**Exercise brief:** From the records, pick out and copy each line containing "where".
*** Opening of Material supplied ***
lemma affine_map_combination:
  "affine_map m n F \<Longrightarrow> x \<in> rvec m \<Longrightarrow> y \<in> rvec m \<Longrightarrow>
     F (\<lambda>i. (1 - t) * x i + t * y i) = (\<lambda>j. (1 - t) * F x j + t * F y j)"
  unfolding affine_map_def by blast

lemma affine_map_scale:
  assumes "affine_map m n F" "x \<in> rvec m"
  shows "F (\<lambda>i. t * x i) = (\<lambda>j. (1 - t) * F (\<lambda>_. 0) j + t * F x j)"
  using affine_map_combination[OF assms(1) zero_in_rvec assms(2), of t] by simp

lemma affine_map_add:
  assumes "affine_map m n F" "x \<in> rvec m" "y \<in> rvec m"
  shows "F (\<lambda>i. x i + y i) = (\<lambda>j. F x j + F y j - F (\<lambda>_. 0) j)"
proof -
  define w where "w = (\<lambda>i. (1 - 1/2) * x i + (1/2::real) * y i)"
  have "w \<in> rvec m" using assms(2,3) by (simp add: rvec_def w_def)
  moreover have "(\<lambda>i. x i + y i) = (\<lambda>i. 2 * w i)" by (auto simp: w_def)
  ultimately have "F (\<lambda>i. x i + y i) = (\<lambda>j. (1 - 2) * F (\<lambda>_. 0) j + 2 * F w j)"
    using affine_map_scale[OF assms(1)] by simp
  then show ?thesis
    using affine_map_combination[OF assms, of "1/2"] by (auto simp: w_def)
qed

lemma affine_map_coordinates_upto:
  assumes "affine_map m n F" "k \<le> m" "x \<in> rvec k"
  shows "F x = (\<lambda>j. F (\<lambda>_. 0) j + (\<Sum>i<k. x i * lin_coeff F i j))"
  using assms(2,3)
proof (induction k arbitrary: x)
  case 0
  then have "x = (\<lambda>_. 0)" by (auto simp: rvec_def)
  then show ?case by simp
next
  case (Suc k)
  define x' where "x' = x(k := 0)"
  define y where "y = (\<lambda>i. x k * unit_vec k i)"
  have "x' \<in> rvec k" using Suc.prems(2) by (auto simp: rvec_def x'_def)
  moreover have "(\<Sum>i<k. x' i * lin_coeff F i j) = (\<Sum>i<k. x i * lin_coeff F i j)" for j
    by (rule sum.cong) (auto simp: x'_def)
  ultimately have IH: "F x' = (\<lambda>j. F (\<lambda>_. 0) j + (\<Sum>i<k. x i * lin_coeff F i j))"
    using Suc.IH[of x'] Suc.prems(1) by simp
  have "x' \<in> rvec m" "y \<in> rvec m"
    using Suc.prems by (auto simp: rvec_def x'_def y_def unit_vec_def)
  moreover have "x = (\<lambda>i. x' i + y i)" by (auto simp: x'_def y_def unit_vec_def)
  ultimately have "F x = (\<lambda>j. F x' j + F y j - F (\<lambda>_. 0) j)"
    using affine_map_add[OF assms(1)] by simp
  moreover have "F y = (\<lambda>j. (1 - x k) * F (\<lambda>_. 0) j + x k * F (unit_vec k) j)"
    unfolding y_def using Suc.prems(1) by (intro affine_map_scale[OF assms(1) unit_vec_in_rvec]) simp
  ultimately show ?case using IH by (auto simp: lin_coeff_def algebra_simps)
qed

lemma affine_map_eq_affine_of:
  assumes "affine_map m n F"
  shows "F = affine_of m n (F (\<lambda>_. 0)) (lin_coeff F)"
proof
  fix x
  show "F x = affine_of m n (F (\<lambda>_. 0)) (lin_coeff F) x"
  proof (cases "x \<in> rvec m")
    case True
    then have "F x \<in> rvec n" using assms by (rule affine_map_in_rvec[rotated])
    then show ?thesis
      using affine_map_coordinates_upto[OF assms order_refl True] True
      by (auto simp: affine_of_def rvec_def)
  qed (simp add: affine_of_def affine_map_outside[OF assms])
qed

lemma affine_map_affine_of: "affine_map m n (affine_of m n b c)"
  unfolding affine_map_def
proof (intro conjI ballI allI impI)
  fix x y :: "nat \<Rightarrow> real" and t :: real
  assume "x \<in> rvec m" "y \<in> rvec m"
  moreover from this have "(\<lambda>i. (1 - t) * x i + t * y i) \<in> rvec m" by (simp add: rvec_def)
  ultimately show "affine_of m n b c (\<lambda>i. (1 - t) * x i + t * y i)
      = (\<lambda>j. (1 - t) * affine_of m n b c x j + t * affine_of m n b c y j)"
    by (auto simp: affine_of_def sum.distrib sum_distrib_left sum_subtractf ring_distribs mult.assoc
        intro!: ext)
qed (auto simp: affine_of_def rvec_def)

lemma lin_coeff_affine_of: "i < m \<Longrightarrow> j < n \<Longrightarrow> lin_coeff (affine_of m n b c) i j = c i j"
proof -
  assume "i < m" "j < n"
  moreover have "(\<Sum>k<m. unit_vec i k * c k j) = c i j"
    using \<open>i < m\<close> by (simp add: unit_vec_def if_distrib[of "\<lambda>x. x * _"] cong: if_cong)
  ultimately show ?thesis by (simp add: lin_coeff_def affine_of_def unit_vec_in_rvec)
qed

lemma affine_of_convex_combination:
  "(\<lambda>x j. (1 - u) * affine_of m n b c x j + u * affine_of m n b' c' x j)
     = affine_of m n (\<lambda>j. (1 - u) * b j + u * b' j) (\<lambda>i j. (1 - u) * c i j + u * c' i j)"
  by (auto simp: affine_of_def sum.distrib sum_distrib_left sum_subtractf ring_distribs mult.assoc
      mult.left_commute[of u] intro!: ext)

lemma cube_memD:
  assumes "x \<in> cube m"
  shows "x \<in> rvec m" "\<bar>x i\<bar> \<le> 1"
proof -
  obtain S u where S: "S \<subseteq> {x \<in> rvec m. \<forall>i<m. x i = 1 \<or> x i = -1}"
    "\<forall>v\<in>S. 0 \<le> u v" "sum u S = 1" "x = (\<lambda>i. \<Sum>v\<in>S. u v * v i)"
    using assms unfolding cube_def cvx_hull_def by blast
  have vertex: "v \<in> rvec m" "\<bar>v i\<bar> \<le> 1" if "v \<in> S" for v
  proof -
    have "v \<in> rvec m" "\<forall>i<m. v i = 1 \<or> v i = -1" using S(1) that by blast+
    then show "v \<in> rvec m" "\<bar>v i\<bar> \<le> 1"
      by (simp_all add: rvec_def) (metis abs_minus_cancel abs_one abs_zero linorder_not_le order_refl zero_le_one)
  qed
  show "x \<in> rvec m" using S(4) vertex(1) by (auto simp: rvec_def intro!: sum.neutral)
  have "\<bar>x i\<bar> \<le> (\<Sum>v\<in>S. \<bar>u v * v i\<bar>)" using S(4) sum_abs by simp
  also have "\<dots> \<le> (\<Sum>v\<in>S. u v)"
    by (rule sum_mono) (use S(2) vertex(2) in \<open>auto simp: abs_mult intro: mult_left_le\<close>)
  finally show "\<bar>x i\<bar> \<le> 1" using S(3) by simp
qed

lemma cube_vertex_mem:
  assumes "v \<in> rvec m" "\<forall>i<m. v i = 1 \<or> v i = -1"
  shows "v \<in> cube m"
  unfolding cube_def cvx_hull_def
  by (rule CollectI, rule exI[of _ "{v}"], rule exI[of _ "\<lambda>_. 1"]) (use assms in auto)

lemma inj_on_unit_vec: "inj_on unit_vec A"
  by (rule inj_onI) (metis unit_vec_def zero_neq_one)

lemma unit_vec_neq_zero: "unit_vec i \<noteq> (\<lambda>_. 0)"
  by (metis unit_vec_def zero_neq_one)

lemma simplex_memD:
  assumes "y \<in> simplex n"
  shows "y \<in> rvec n" "0 \<le> y j" "(\<Sum>j<n. y j) \<le> 1"
proof -
  obtain S u where S: "S \<subseteq> insert (\<lambda>_. 0) (unit_vec ` {..<n})"
    "\<forall>v\<in>S. 0 \<le> u v" "sum u S = 1" "y = (\<lambda>i. \<Sum>v\<in>S. u v * v i)"
    using assms unfolding simplex_def cvx_hull_def by blast
  have vertex: "v \<in> rvec n" "0 \<le> v j" "(\<Sum>j<n. v j) \<le> 1" if "v \<in> S" for v
    using S(1) that by (auto simp: unit_vec_def rvec_def)
  show "y \<in> rvec n" using S(4) vertex(1) by (auto simp: rvec_def intro!: sum.neutral)
  show "0 \<le> y j" using S(2,4) vertex(2) by (auto intro!: sum_nonneg)
  have "(\<Sum>j<n. y j) = (\<Sum>v\<in>S. u v * (\<Sum>j<n. v j))"
    using S(4) by (simp add: sum_distrib_left sum.swap[of _ S])
  also have "\<dots> \<le> (\<Sum>v\<in>S. u v)"
    by (rule sum_mono) (use S(2) vertex(3) in \<open>auto intro: mult_left_le\<close>)
  finally show "(\<Sum>j<n. y j) \<le> 1" using S(3) by simp
qed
*** Close of Material supplied ***
**Solution:**
  define w where "w = (\<lambda>i. (1 - 1/2) * x i + (1/2::real) * y i)"
  define x' where "x' = x(k := 0)"
  define y where "y = (\<lambda>i. x k * unit_vec k i)"
  obtain S u where S: "S \<subseteq> {x \<in> rvec m. \<forall>i<m. x i = 1 \<or> x i = -1}"
  obtain S u where S: "S \<subseteq> insert (\<lambda>_. 0) (unit_vec ` {..<n})"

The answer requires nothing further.